DATA PROVIDED:
lemma on_class_separating:
  assumes "a \<in> topspace Q - q ` I" "b \<in> topspace Q - q ` I" "a \<noteq> b"
  shows "\<exists>x. on_class (F x) a \<noteq> on_class (F x) b"
proof -
  obtain z w where zw: "z \<in> topspace T - I" "w \<in> topspace T - I" "a = q z" "b = q w"
    using assms(1,2) unfolding topspace_Q_minus_isolated by blast
  then have "(z, w) \<notin> R"
    using assms(3) equiv_class_eq[OF equiv_R] by blast
  then obtain x where "F x z \<noteq> F x w"
    using zw(1,2) assms(3) zw(3,4) by (auto simp: boundary_kernel_rel_def)
  then show ?thesis
    using zw by (auto simp: on_class_q)
qed

lemma compact_space_Q: "compact_space Q"
  using image_compactin[OF compact[unfolded compact_space_def] quotient_imp_continuous_map[OF quotient_map_q]]
  by (simp add: compact_space_def topspace_Q_eq)

lemma isolated_Q:
  assumes p: "p \<in> I"
  shows "openin Q {q p} \<and> closedin Q {q p}"
proof -
  have p_T: "p \<in> topspace T"
    using p I_subset by blast
  have "z = p" if "z \<in> topspace T" "q z = q p" for z
    using equiv_class_self[OF equiv_R that(1)] that(2) q_isolated[OF p] by simp
  then have preimage: "{z \<in> topspace T. q z \<in> {q p}} = {p}"
    using p_T by blast
  have sub: "{q p} \<subseteq> topspace Q"
    using p_T topspace_Q_eq by blast
  show ?thesis
    using quotient_map_q[unfolded quotient_map_def, THEN conjunct2, rule_format, OF sub]
      quotient_map_q[unfolded quotient_map_closedin, THEN conjunct2, rule_format, OF sub]
      isolated[OF p] closedin_t1_singleton[OF Hausdorff_imp_t1_space[OF Hausdorff] p_T]
    unfolding preimage by simp
qed

lemma Hausdorff_space_Q: "Hausdorff_space Q"
  by (rule Hausdorff_space_if_isolated_or_separated[where A = "q ` I", OF _ continuous_map_on_class on_class_separating])
    (use isolated_Q in blast)

lemma dense_Q: "Q closure_of (q ` I) = topspace Q"
proof (rule subset_antisym)
  show "topspace Q \<subseteq> Q closure_of (q ` I)"
    using continuous_map_image_closure_subset[OF quotient_imp_continuous_map[OF quotient_map_q], of I]
    by (simp add: dense topspace_Q_eq)
qed (rule closure_of_subset_topspace)

lemma rl_compactification_Q:
  assumes "inj \<iota>" "range \<iota> = I" "\<And>x y. F x (\<iota> y) = rl_kernel P e x y"
  shows "rl_compactification P e Q (\<lambda>y. q (\<iota> y)) (\<lambda>x. on_class (F x))"
proof -
  have inj_q_\<iota>: "inj (\<lambda>y. q (\<iota> y))"
    using assms(1,2) q_isolated by (auto simp: inj_def)
  have range_q_\<iota>: "range (\<lambda>y. q (\<iota> y)) = q ` I"
    using assms(2) by auto
  have isolated_q_\<iota>: "openin Q {q (\<iota> y)}" for y
    using assms(2) isolated_Q by blast
  have kernel_q_\<iota>: "on_class (F x) (q (\<iota> y)) = rl_kernel P e x y" for x y
  proof -
    have "\<iota> y \<in> topspace T"
      using assms(2) I_subset by blast
    then show ?thesis
      using on_class_q assms(3) by simp
  qed
  show ?thesis
    unfolding rl_compactification_def range_q_\<iota>
  proof (intro conjI allI)
    show "q ` I \<subseteq> topspace Q"
      using I_subset topspace_Q_eq by auto
    show "\<forall>a\<in>topspace Q - q ` I. \<forall>b\<in>topspace Q - q ` I. a \<noteq> b \<longrightarrow> (\<exists>x. on_class (F x) a \<noteq> on_class (F x) b)"
      using on_class_separating by blast
  qed (fact compact_space_Q Hausdorff_space_Q dense_Q continuous_map_on_class inj_q_\<iota> isolated_q_\<iota> kernel_q_\<iota>)+
qed

end

lemma rl_compactificationD:
  assumes "rl_compactification P e T \<iota> G"
  shows "compact_space T" "Hausdorff_space T" "inj \<iota>" "range \<iota> \<subseteq> topspace T" "openin T {\<iota> y}"
    "T closure_of range \<iota> = topspace T" "continuous_map T euclideanreal (G x)"
    "G x (\<iota> y) = rl_kernel P e x y"
  using assms unfolding rl_compactification_def by auto

lemma prod_bdry_rel_eq_boundary_kernel_rel:
  "prod_bdry_rel T1 T2 \<iota>1 \<iota>2 G1 G2 =
     boundary_kernel_rel (prod_topology T1 T2) (range \<iota>1 \<times> range \<iota>2) (\<lambda>x z. G1 (fst x) (fst z) * G2 (snd x) (snd z))"
  by (auto simp: prod_bdry_rel_def boundary_kernel_rel_def Let_def)

lemma boundary_kernel_compactum_prod:
  assumes c1: "rl_compactification P1 e1 T1 \<iota>1 G1" and c2: "rl_compactification P2 e2 T2 \<iota>2 G2"
  shows "boundary_kernel_compactum (prod_topology T1 T2) (range \<iota>1 \<times> range \<iota>2)
           (\<lambda>x z. G1 (fst x) (fst z) * G2 (snd x) (snd z))"
proof unfold_locales
  show "compact_space (prod_topology T1 T2)" "Hausdorff_space (prod_topology T1 T2)"
    using rl_compactificationD(1,2)[OF c1] rl_compactificationD(1,2)[OF c2]
    by (simp_all add: compact_space_prod_topology Hausdorff_space_prod_topology)
  show "range \<iota>1 \<times> range \<iota>2 \<subseteq> topspace (prod_topology T1 T2)"
    "prod_topology T1 T2 closure_of (range \<iota>1 \<times> range \<iota>2) = topspace (prod_topology T1 T2)"
    using rl_compactificationD(4,6)[OF c1] rl_compactificationD(4,6)[OF c2]
    by (auto simp: closure_of_Times)
  show "openin (prod_topology T1 T2) {p}" if p: "p \<in> range \<iota>1 \<times> range \<iota>2" for p
  proof -
    obtain a b where ab: "p = (\<iota>1 a, \<iota>2 b)"
      using p by blast
    have "openin (prod_topology T1 T2) ({\<iota>1 a} \<times> {\<iota>2 b})"
      using rl_compactificationD(5)[OF c1] rl_compactificationD(5)[OF c2] openin_prod_Times_iff by blast
    then show ?thesis
      by (simp add: ab)
  qed
  show "continuous_map (prod_topology T1 T2) euclideanreal (\<lambda>z. G1 (fst x) (fst z) * G2 (snd x) (snd z))" for x
    using continuous_map_compose[OF continuous_map_fst rl_compactificationD(7)[OF c1]]
      continuous_map_compose[OF continuous_map_snd rl_compactificationD(7)[OF c2]]
    by (intro continuous_map_real_mult) (simp_all add: o_def)
qed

WHAT IS BEING ASKED: Please copy the material above without changing a single word.

WORKED SOLUTION:
lemma on_class_separating:
  assumes "a \<in> topspace Q - q ` I" "b \<in> topspace Q - q ` I" "a \<noteq> b"
  shows "\<exists>x. on_class (F x) a \<noteq> on_class (F x) b"
proof -
  obtain z w where zw: "z \<in> topspace T - I" "w \<in> topspace T - I" "a = q z" "b = q w"
    using assms(1,2) unfolding topspace_Q_minus_isolated by blast
  then have "(z, w) \<notin> R"
    using assms(3) equiv_class_eq[OF equiv_R] by blast
  then obtain x where "F x z \<noteq> F x w"
    using zw(1,2) assms(3) zw(3,4) by (auto simp: boundary_kernel_rel_def)
  then show ?thesis
    using zw by (auto simp: on_class_q)
qed

lemma compact_space_Q: "compact_space Q"
  using image_compactin[OF compact[unfolded compact_space_def] quotient_imp_continuous_map[OF quotient_map_q]]
  by (simp add: compact_space_def topspace_Q_eq)

lemma isolated_Q:
  assumes p: "p \<in> I"
  shows "openin Q {q p} \<and> closedin Q {q p}"
proof -
  have p_T: "p \<in> topspace T"
    using p I_subset by blast
  have "z = p" if "z \<in> topspace T" "q z = q p" for z
    using equiv_class_self[OF equiv_R that(1)] that(2) q_isolated[OF p] by simp
  then have preimage: "{z \<in> topspace T. q z \<in> {q p}} = {p}"
    using p_T by blast
  have sub: "{q p} \<subseteq> topspace Q"
    using p_T topspace_Q_eq by blast
  show ?thesis
    using quotient_map_q[unfolded quotient_map_def, THEN conjunct2, rule_format, OF sub]
      quotient_map_q[unfolded quotient_map_closedin, THEN conjunct2, rule_format, OF sub]
      isolated[OF p] closedin_t1_singleton[OF Hausdorff_imp_t1_space[OF Hausdorff] p_T]
    unfolding preimage by simp
qed

lemma Hausdorff_space_Q: "Hausdorff_space Q"
  by (rule Hausdorff_space_if_isolated_or_separated[where A = "q ` I", OF _ continuous_map_on_class on_class_separating])
    (use isolated_Q in blast)

lemma dense_Q: "Q closure_of (q ` I) = topspace Q"
proof (rule subset_antisym)
  show "topspace Q \<subseteq> Q closure_of (q ` I)"
    using continuous_map_image_closure_subset[OF quotient_imp_continuous_map[OF quotient_map_q], of I]
    by (simp add: dense topspace_Q_eq)
qed (rule closure_of_subset_topspace)

lemma rl_compactification_Q:
  assumes "inj \<iota>" "range \<iota> = I" "\<And>x y. F x (\<iota> y) = rl_kernel P e x y"
  shows "rl_compactification P e Q (\<lambda>y. q (\<iota> y)) (\<lambda>x. on_class (F x))"
proof -
  have inj_q_\<iota>: "inj (\<lambda>y. q (\<iota> y))"
    using assms(1,2) q_isolated by (auto simp: inj_def)
  have range_q_\<iota>: "range (\<lambda>y. q (\<iota> y)) = q ` I"
    using assms(2) by auto
  have isolated_q_\<iota>: "openin Q {q (\<iota> y)}" for y
    using assms(2) isolated_Q by blast
  have kernel_q_\<iota>: "on_class (F x) (q (\<iota> y)) = rl_kernel P e x y" for x y
  proof -
    have "\<iota> y \<in> topspace T"
      using assms(2) I_subset by blast
    then show ?thesis
      using on_class_q assms(3) by simp
  qed
  show ?thesis
    unfolding rl_compactification_def range_q_\<iota>
  proof (intro conjI allI)
    show "q ` I \<subseteq> topspace Q"
      using I_subset topspace_Q_eq by auto
    show "\<forall>a\<in>topspace Q - q ` I. \<forall>b\<in>topspace Q - q ` I. a \<noteq> b \<longrightarrow> (\<exists>x. on_class (F x) a \<noteq> on_class (F x) b)"
      using on_class_separating by blast
  qed (fact compact_space_Q Hausdorff_space_Q dense_Q continuous_map_on_class inj_q_\<iota> isolated_q_\<iota> kernel_q_\<iota>)+
qed

end

lemma rl_compactificationD:
  assumes "rl_compactification P e T \<iota> G"
  shows "compact_space T" "Hausdorff_space T" "inj \<iota>" "range \<iota> \<subseteq> topspace T" "openin T {\<iota> y}"
    "T closure_of range \<iota> = topspace T" "continuous_map T euclideanreal (G x)"
    "G x (\<iota> y) = rl_kernel P e x y"
  using assms unfolding rl_compactification_def by auto

lemma prod_bdry_rel_eq_boundary_kernel_rel:
  "prod_bdry_rel T1 T2 \<iota>1 \<iota>2 G1 G2 =
     boundary_kernel_rel (prod_topology T1 T2) (range \<iota>1 \<times> range \<iota>2) (\<lambda>x z. G1 (fst x) (fst z) * G2 (snd x) (snd z))"
  by (auto simp: prod_bdry_rel_def boundary_kernel_rel_def Let_def)

lemma boundary_kernel_compactum_prod:
  assumes c1: "rl_compactification P1 e1 T1 \<iota>1 G1" and c2: "rl_compactification P2 e2 T2 \<iota>2 G2"
  shows "boundary_kernel_compactum (prod_topology T1 T2) (range \<iota>1 \<times> range \<iota>2)
           (\<lambda>x z. G1 (fst x) (fst z) * G2 (snd x) (snd z))"
proof unfold_locales
  show "compact_space (prod_topology T1 T2)" "Hausdorff_space (prod_topology T1 T2)"
    using rl_compactificationD(1,2)[OF c1] rl_compactificationD(1,2)[OF c2]
    by (simp_all add: compact_space_prod_topology Hausdorff_space_prod_topology)
  show "range \<iota>1 \<times> range \<iota>2 \<subseteq> topspace (prod_topology T1 T2)"
    "prod_topology T1 T2 closure_of (range \<iota>1 \<times> range \<iota>2) = topspace (prod_topology T1 T2)"
    using rl_compactificationD(4,6)[OF c1] rl_compactificationD(4,6)[OF c2]
    by (auto simp: closure_of_Times)
  show "openin (prod_topology T1 T2) {p}" if p: "p \<in> range \<iota>1 \<times> range \<iota>2" for p
  proof -
    obtain a b where ab: "p = (\<iota>1 a, \<iota>2 b)"
      using p by blast
    have "openin (prod_topology T1 T2) ({\<iota>1 a} \<times> {\<iota>2 b})"
      using rl_compactificationD(5)[OF c1] rl_compactificationD(5)[OF c2] openin_prod_Times_iff by blast
    then show ?thesis
      by (simp add: ab)
  qed
  show "continuous_map (prod_topology T1 T2) euclideanreal (\<lambda>z. G1 (fst x) (fst z) * G2 (snd x) (snd z))" for x
    using continuous_map_compose[OF continuous_map_fst rl_compactificationD(7)[OF c1]]
      continuous_map_compose[OF continuous_map_snd rl_compactificationD(7)[OF c2]]
    by (intro continuous_map_real_mult) (simp_all add: o_def)
qed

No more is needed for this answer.